Most people worry about breast cancer coming back (recurrence). These worries are normal, and the fear and anxiety usually lessens with time.
Knowing how to continue to be breast and body aware after treatment and the symptoms you should report can help manage your feelings of uncertainty.
The treatment you received will have been given to reduce the risk of the breast cancer coming back at its original site or elsewhere in the body.
While most people have no further problems, sometimes breast cancer can return after treatment.
Find out about different types of recurrence.
Whether you have had breast-conserving surgery or a mastectomy (with or without reconstruction), it’s important to be aware of any changes to the breast or surrounding area, even if you’re still having follow-up appointments or regular mammograms.
It can be difficult to know how your breast or scar area should feel after treatment. The area around the scar may feel lumpy, numb or sensitive. You’ll need to get to know how it looks and feels so you know what’s normal for you.
This will help you feel more confident about noticing changes and reporting them promptly to your GP or breast care nurse. It’s also important to be aware of any new changes in the other breast and to report these as soon as possible to your hospital team.
Changes to look and feel for in the breast and chest area include:
- change in shape or size
- change in skin texture such as puckering or dimpling
- constant pain in your breast/chest area or armpit
- lump or thickening that feels different (with your treated breast this could be on or away from the scar line)
- redness or a rash around the nipple and/or on the skin
- liquid (discharge) that comes from the nipple without squeezing it
- your nipple has become inverted (pulled in) or looks different, for example changed its position or shape
- swelling in the upper arm
- swelling on your chest, in your armpit or around your collarbone.
Secondary breast cancer
Treatment for primary breast cancer aims to prevent the cancer coming back or spreading, but some people will develop secondary breast cancer. This is when breast cancer cells spread from the first (primary) cancer in the breast to other parts of the body. When breast cancer spreads, for example to the bones, it is called secondary breast cancer in the bones. The cells in the bones are breast cancer cells.
Symptoms of secondary breast cancer
It’s difficult to list all the symptoms of secondary breast cancer but it’s important to report any symptoms you have that are new and persistent and have no obvious cause to your doctor or breast care nurse.
Many symptoms of secondary breast cancer may be the same as those of other conditions.
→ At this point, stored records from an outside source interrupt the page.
lemma avg_rho_subgroup:
  assumes H: "affine_subgroup H" and g: "g \<in> H" and x: "x \<in> carrier_vec n"
  shows "avg H (\<rho> g *\<^sub>v x) = avg H x"
proof -
  have sub: "H \<subseteq> Gaff" and "g \<in> Gaff"
    using H g by (auto simp: affine_subgroup_def)
  then have "(\<Sum>h\<in>H. (\<rho> h *\<^sub>v (\<rho> g *\<^sub>v x)) $ i) = (\<Sum>h\<in>H. (\<rho> (gmul h g) *\<^sub>v x) $ i)" for i
    using x by (intro sum.cong) auto
  also have "\<dots> i = (\<Sum>h\<in>H. (\<rho> h *\<^sub>v x) $ i)" for i
    using sum.reindex_bij_betw[OF affine_subgroup_translation(2)[OF H g]] .
  finally show ?thesis
    by (simp add: avg_def)
qed

lemma avg_fixed_space:
  "affine_subgroup H \<Longrightarrow> x \<in> carrier_vec n \<Longrightarrow> avg H x \<in> fixed_space n \<rho> H"
  unfolding fixed_space_def using rho_avg_subgroup by simp

lemma avg_eq_self:
  assumes H: "affine_subgroup H" and x: "x \<in> fixed_space n \<rho> H"
  shows "avg H x = x"
proof -
  have "(\<Sum>h\<in>H. (\<rho> h *\<^sub>v x) $ i) = of_nat (card H) * x $ i" for i
    using x by (simp add: fixed_space_def)
  then show ?thesis
    using x affine_subgroup_card_pos[OF H] by (intro eq_vecI) (auto simp: avg_def fixed_space_def)
qed

lemma fixed_space_carrier: "x \<in> fixed_space n \<rho> H \<Longrightarrow> x \<in> carrier_vec n"
  unfolding fixed_space_def by simp

lemma zero_fixed_space: "H \<subseteq> Gaff \<Longrightarrow> 0\<^sub>v n \<in> fixed_space n \<rho> H"
  unfolding fixed_space_def by auto

lemma fixed_space_add:
  "x \<in> fixed_space n \<rho> H \<Longrightarrow> y \<in> fixed_space n \<rho> H \<Longrightarrow> H \<subseteq> Gaff \<Longrightarrow> x + y \<in> fixed_space n \<rho> H"
  unfolding fixed_space_def by auto

lemma fixed_space_smult:
  "x \<in> fixed_space n \<rho> H \<Longrightarrow> H \<subseteq> Gaff \<Longrightarrow> c \<cdot>\<^sub>v x \<in> fixed_space n \<rho> H"
  unfolding fixed_space_def by auto

lemma avg_add:
  assumes "H \<subseteq> Gaff" "x \<in> carrier_vec n" "y \<in> carrier_vec n"
  shows "avg H (x + y) = avg H x + avg H y"
  using assms subsetD[OF assms(1)]
  by (intro eq_vecI) (auto simp: index_avg sum.distrib add_divide_distrib intro!: sum.cong)

lemma avg_smult:
  assumes "H \<subseteq> Gaff" "x \<in> carrier_vec n"
  shows "avg H (c \<cdot>\<^sub>v x) = c \<cdot>\<^sub>v avg H x"
  using assms subsetD[OF assms(1)]
  by (intro eq_vecI) (auto simp: index_avg sum_distrib_left intro!: sum.cong)

lemma scalar_prod_avg:
  assumes "H \<subseteq> Gaff" "z \<in> carrier_vec n" "x \<in> carrier_vec n"
  shows "z \<bullet> avg H x = (\<Sum>h\<in>H. z \<bullet> (\<rho> h *\<^sub>v x)) / of_nat (card H)"
proof -
  have "z \<bullet> avg H x = (\<Sum>i<n. z $ i * ((\<Sum>h\<in>H. (\<rho> h *\<^sub>v x) $ i) / of_nat (card H)))"
    using assms(2) by (auto simp: scalar_prod_def index_avg lessThan_atLeast0 intro!: sum.cong)
  also have "\<dots> = (\<Sum>h\<in>H. \<Sum>i<n. z $ i * (\<rho> h *\<^sub>v x) $ i) / of_nat (card H)"
    by (simp add: sum_distrib_left sum_divide_distrib sum.swap[of _ H])
  also have "\<dots> = (\<Sum>h\<in>H. z \<bullet> (\<rho> h *\<^sub>v x)) / of_nat (card H)"
    using assms by (auto simp: scalar_prod_def lessThan_atLeast0 intro!: sum.cong)
  finally show ?thesis .
qed

lemma avg_scalar_prod:
  assumes "H \<subseteq> Gaff" "z \<in> carrier_vec n" "x \<in> carrier_vec n"
  shows "avg H x \<bullet> z = (\<Sum>h\<in>H. (\<rho> h *\<^sub>v x) \<bullet> z) / of_nat (card H)"
proof -
  have "avg H x \<bullet> z = z \<bullet> avg H x"
    using assms(2) by (intro comm_scalar_prod[of _ n]) auto
  also have "\<dots> = (\<Sum>h\<in>H. (\<rho> h *\<^sub>v x) \<bullet> z) / of_nat (card H)"
    using assms subsetD[OF assms(1)] by (auto simp: scalar_prod_avg intro!: sum.cong comm_scalar_prod[of _ n])
  finally show ?thesis .
qed

lemma avg_U1:
  "x \<in> carrier_vec n \<Longrightarrow> avg U1 x = (1/4) \<cdot>\<^sub>v (x + \<rho> (3, 0) *\<^sub>v x + \<rho> (5, 0) *\<^sub>v x + \<rho> (7, 0) *\<^sub>v x)"
  by (intro eq_vecI) (auto simp: index_avg U1_eq mem_Gaff_iff)

lemma avg_U2:
  "x \<in> carrier_vec n \<Longrightarrow> avg U2 x = (1/4) \<cdot>\<^sub>v (x + \<rho> (7, 0) *\<^sub>v x + \<rho> (3, 4) *\<^sub>v x + \<rho> (5, 4) *\<^sub>v x)"
  by (intro eq_vecI) (auto simp: index_avg U2_eq mem_Gaff_iff)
For example, aches and pains in the bones may be due to ageing, arthritis or treatment side effects. Breathlessness and coughs can be symptoms of a cold or flu-type illness. If you have any persistent or unexplained symptoms, the best thing to do is to talk to your doctor or breast care nurse.
Symptoms you may want to report include:
- pain in your bones (for example in the back, hips or ribs) that doesn’t improve with pain relief or lasts for more than one to two weeks and is often worse at night
- unexplained weight loss and a loss of appetite
- a constant feeling of nausea (feeling sick)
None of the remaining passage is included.